Buttonhole most any market-watcher these days, and you'll find someone eager to tout the current turmoil as the perfect environment for Big Pharma to make a deal. Credit markets seizing up, banks failing, and derivatives lurking--never mind all that. Drugmakers are in the catbird seat.
The logic goes something like this: Big Pharma is cash-rich. Big Pharma needs to stuff its pipelines full of drug candidates. Small biotech companies of the sort that could do just that--they're either already bargains or soon will be as their funding dries up. "The No. 1 driver of why we think there are going to be more deals is the patent cliff that is beginning to drive the industry starting around 2011," Moody's senior vice president Michael Levesque told the Philadelphia Inquirer. "And then because of recent stock market events, valuations globally are much lower than they were six months ago, so that could favor even more mergers and acquisitions or faster M&A."

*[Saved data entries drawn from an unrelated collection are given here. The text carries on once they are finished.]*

(* Let $n\ge1$ and $c\in\mathbb{R}$. For each $L\subsetneqq\Omega_n=\{1,\dots,n\}$ let $\phi_L$ be an arbitrary real-valued function on $F^{n-|L|}$, and let $\phi_{\Omega_n}(\omega)=c$. Define $f$ on the product states of $\mathcal{H}_n=\otimes^n\mathbb{C}^2$ by \[ f(\sigma_J(z))=\sum_{L\subset J}(-1)^{|J-L|}\phi_L(\tau_L(z))\qquad (J\subset\Omega_n,\ z\in F_n). \] Then $\sum_{i=1}^{2^n} f(z_i)=c$ for every unentangled orthonormal basis $z_1,\dots,z_{2^n}$ of $\mathcal{H}_n$.
   Context: One-qubit states are points of $\mathbb{P}^1(\mathbb{C})$, identified with $\mathbb{C}\cup\{\infty\}$ via $(x,y)\mapsto x/y$. Let $\sigma(x,y)=(-\bar y,\bar x)$ on $\mathbb{C}^2$, inducing $\sigma z=-1/\bar z$; $\sigma v$ is the state orthogonal to $v$. $F=\{|z|<1\}\cup\{|z|=1,\operatorname{Im}z>0\}\cup\{1\}$ is a fundamental domain for $\sigma$. Product states of $\mathcal{H}_n$ are $z_1\otimes\cdots\otimes z_n$ with $z_i$ one-qubit states; $F_n$ is the set of those with all $z_i\in F$; $F^m$ is the direct product of $m$ copies of $F$, $F^0=\{\omega\}$. For $J\subset\Omega_n$, $\sigma_J$ applies $\sigma$ in the factors indexed by $J$ and the identity elsewhere; every product state equals $\sigma_J(z)$ for a unique $J$ and $z\in F_n$, so $f$ is well defined. For $z\in F_n$ and $J\ne\Omega_n$ with complement $\{i_1<\dots<i_k\}$, $\tau_J(z)=(z_{i_1},\dots,z_{i_k})$; $\tau_{\Omega_n}(z)=\omega$. An unentangled orthonormal basis is an orthonormal basis consisting of product unit vectors. *)

theory Defs
  imports Complex_Main
begin

text \<open>One-qubit states: points of P^1(C) = C \<union> {\<infinity>}, represented as
  complex option (None = \<infinity>, Some z = z).  A nonzero vector (x,y) of C^2 gives
  the point x/y.\<close>

definition proj1 :: "complex \<times> complex \<Rightarrow> complex option" where
  "proj1 v = (if snd v = 0 then None else Some (fst v / snd v))"

text \<open>The map induced by sigma(x,y) = (-conj y, conj x): z \<mapsto> -1/conj z.\<close>
definition sig :: "complex option \<Rightarrow> complex option" where
  "sig w = (case w of None \<Rightarrow> Some 0
                    | Some z \<Rightarrow> (if z = 0 then None else Some (- 1 / cnj z)))"

definition Fdom :: "complex option set" where
  "Fdom = {Some z | z. cmod z < 1} \<union> {Some z | z. cmod z = 1 \<and> Im z > 0} \<union> {Some 1}"

text \<open>Product states of H_n are n-tuples of one-qubit states, given as lists of
  length n; position i-1 of the list is the factor with index i \<in> {1..n}.\<close>

definition Fn :: "nat \<Rightarrow> complex option list set" where
  "Fn n = {z. length z = n \<and> set z \<subseteq> Fdom}"

definition sigmaJ :: "nat set \<Rightarrow> complex option list \<Rightarrow> complex option list" where
  "sigmaJ J z = map (\<lambda>i. if i \<in> J then sig (z ! (i - 1)) else z ! (i - 1)) [1..<length z + 1]"

definition tauL :: "nat set \<Rightarrow> complex option list \<Rightarrow> complex option list" where
  "tauL L z = map (\<lambda>i. z ! (i - 1)) (filter (\<lambda>i. i \<notin> L) [1..<length z + 1])"

text \<open>H_n = tensor^n C^2, realised as functions on bit strings of length n.\<close>

definition Bits :: "nat \<Rightarrow> bool list set" where
  "Bits n = {bs. length bs = n}"

definition inner_n :: "nat \<Rightarrow> (bool list \<Rightarrow> complex) \<Rightarrow> (bool list \<Rightarrow> complex) \<Rightarrow> complex" where
  "inner_n n u v = (\<Sum>bs\<in>Bits n. cnj (u bs) * v bs)"

definition tensor :: "(complex \<times> complex) list \<Rightarrow> bool list \<Rightarrow> complex" where
  "tensor vs bs = (\<Prod>i<length vs. if bs ! i then snd (vs ! i) else fst (vs ! i))"

definition unentangled_onb :: "nat \<Rightarrow> (nat \<Rightarrow> (complex \<times> complex) list) \<Rightarrow> bool" where
  "unentangled_onb n u \<longleftrightarrow>
     (\<forall>k<2^n. length (u k) = n) \<and>
     (\<forall>k<2^n. \<forall>l<2^n. inner_n n (tensor (u k)) (tensor (u l)) = (if k = l then 1 else 0)) \<and>
     (\<forall>\<psi> :: bool list \<Rightarrow> complex. \<exists>a :: nat \<Rightarrow> complex.
        \<forall>bs\<in>Bits n. \<psi> bs = (\<Sum>k<2^n. a k * tensor (u k) bs))"

end

theory Submission
  imports Defs
begin

text \<open>Split every basis vector at its first qubit. Since sig exchanges F with its complement, any
  set of basis vectors whose first factors contain no orthogonal pair has pairwise orthogonal
  tails, hence at most 2^(n-1) members; so every such "half" of the basis has exactly 2^(n-1)
  members and its tails form an unentangled orthonormal basis of H_(n-1). On the other side, the
  expansion of f shows that f(a,r) + f(sig a,r) does not depend on a \<in> F and, as a function of r,
  has an expansion of the same kind with constant c, while each slice r \<mapsto> f(a,r) has one with
  some constant. By induction on n, the vectors with first factor outside F contribute c minus
  the sum of f(a,r) over their tails, and exchanging halves one class {a, sig a} at a time
  shows that this equals the sum of f(a,r) over the vectors with first factor in F.\<close>

definition qubit_inner :: "complex \<times> complex \<Rightarrow> complex \<times> complex \<Rightarrow> complex" where
  "qubit_inner p q = cnj (fst p) * fst q + cnj (snd p) * snd q"

lemma sig_sig [simp]: "sig (sig x) = x"
  by (cases x) (auto simp: sig_def)

lemma cnj_eq_inverse_if_unit:
  assumes "cmod z = 1" shows "cnj z = 1 / z"
proof -
  have "z * cnj z = 1" using complex_norm_square[of z] assms by simp
  moreover have "z \<noteq> 0" using assms by auto
  ultimately show ?thesis by (simp add: field_simps)
qed

lemma Fdom_norm_le: "Some w \<in> Fdom \<Longrightarrow> cmod w \<le> 1"
  by (auto simp: Fdom_def)

lemma sig_unit_circle: "cmod z = 1 \<Longrightarrow> sig (Some z) = Some (- z)"
  by (auto simp: sig_def cnj_eq_inverse_if_unit)

lemma Fdom_unit_circle: "cmod w = 1 \<Longrightarrow> Some w \<in> Fdom \<longleftrightarrow> Im w > 0 \<or> w = 1"
  by (auto simp: Fdom_def)

lemma sig_in_Fdom_iff: "sig a \<in> Fdom \<longleftrightarrow> a \<notin> Fdom"
proof (cases a)
  case None
  then show ?thesis by (auto simp: sig_def Fdom_def)
next
  case (Some z)
  show ?thesis
  proof (cases "z = 0")
    case True
    then show ?thesis using Some by (auto simp: sig_def Fdom_def)
  next
    case False
    have norm_sig: "cmod (- 1 / cnj z) = 1 / cmod z"
      by (simp add: norm_divide)
    consider "cmod z < 1" | "cmod z > 1" | "cmod z = 1" by linarith
    then show ?thesis
    proof cases
      case 1
      then have "1 < 1 / cmod z" using False by (simp add: field_simps)
      then have "sig a \<notin> Fdom" using Some False norm_sig Fdom_norm_le by (fastforce simp: sig_def)
      then show ?thesis using 1 Some by (auto simp: Fdom_def)
    next
      case 2
      then have "1 / cmod z < 1" by (simp add: divide_less_eq)
      then show ?thesis using 2 Some False norm_sig by (auto simp: sig_def Fdom_def)
    next
      case 3
      have "Im z = 0 \<Longrightarrow> z = 1 \<or> z = -1"
        using 3 by (auto simp: cmod_def complex_eq_iff abs_if split: if_splits)
      then have "(Im (- z) > 0 \<or> - z = 1) \<longleftrightarrow> \<not> (Im z > 0 \<or> z = 1)"
        by (cases "Im z = 0") (auto simp: complex_eq_iff)
      then show ?thesis using 3 Some sig_unit_circle[OF 3] by (simp add: Fdom_unit_circle)
    qed
  qed
qed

It's true that pharma is sitting on a cache of cash. Nine of the biggest U.S. drug and biotech firms count a combined j$105 billion in cash and investments as of June 30. And there's no doubt that several big-name drugmakers are on the prowl; just last week, GlaxoSmithKline said that it would give stock buybacks a rest so it can reserve cash for deals. "Opportunities are surfacing with some frequency on the small to medium scale," CEO Andrew Witty told analysts during a third-quarter earnings call. And Bristol-Myers Squibb, which lost out to Eli Lilly on the ImClone buyout, says it has a long list of companies it could buy with its $7 billion in cash.
Bottom line, we should hear some announcements soon. Unless the market suddenly rockets upward, pricing pharma out of the biotech market. But the chances of that, we fear, aren't very good.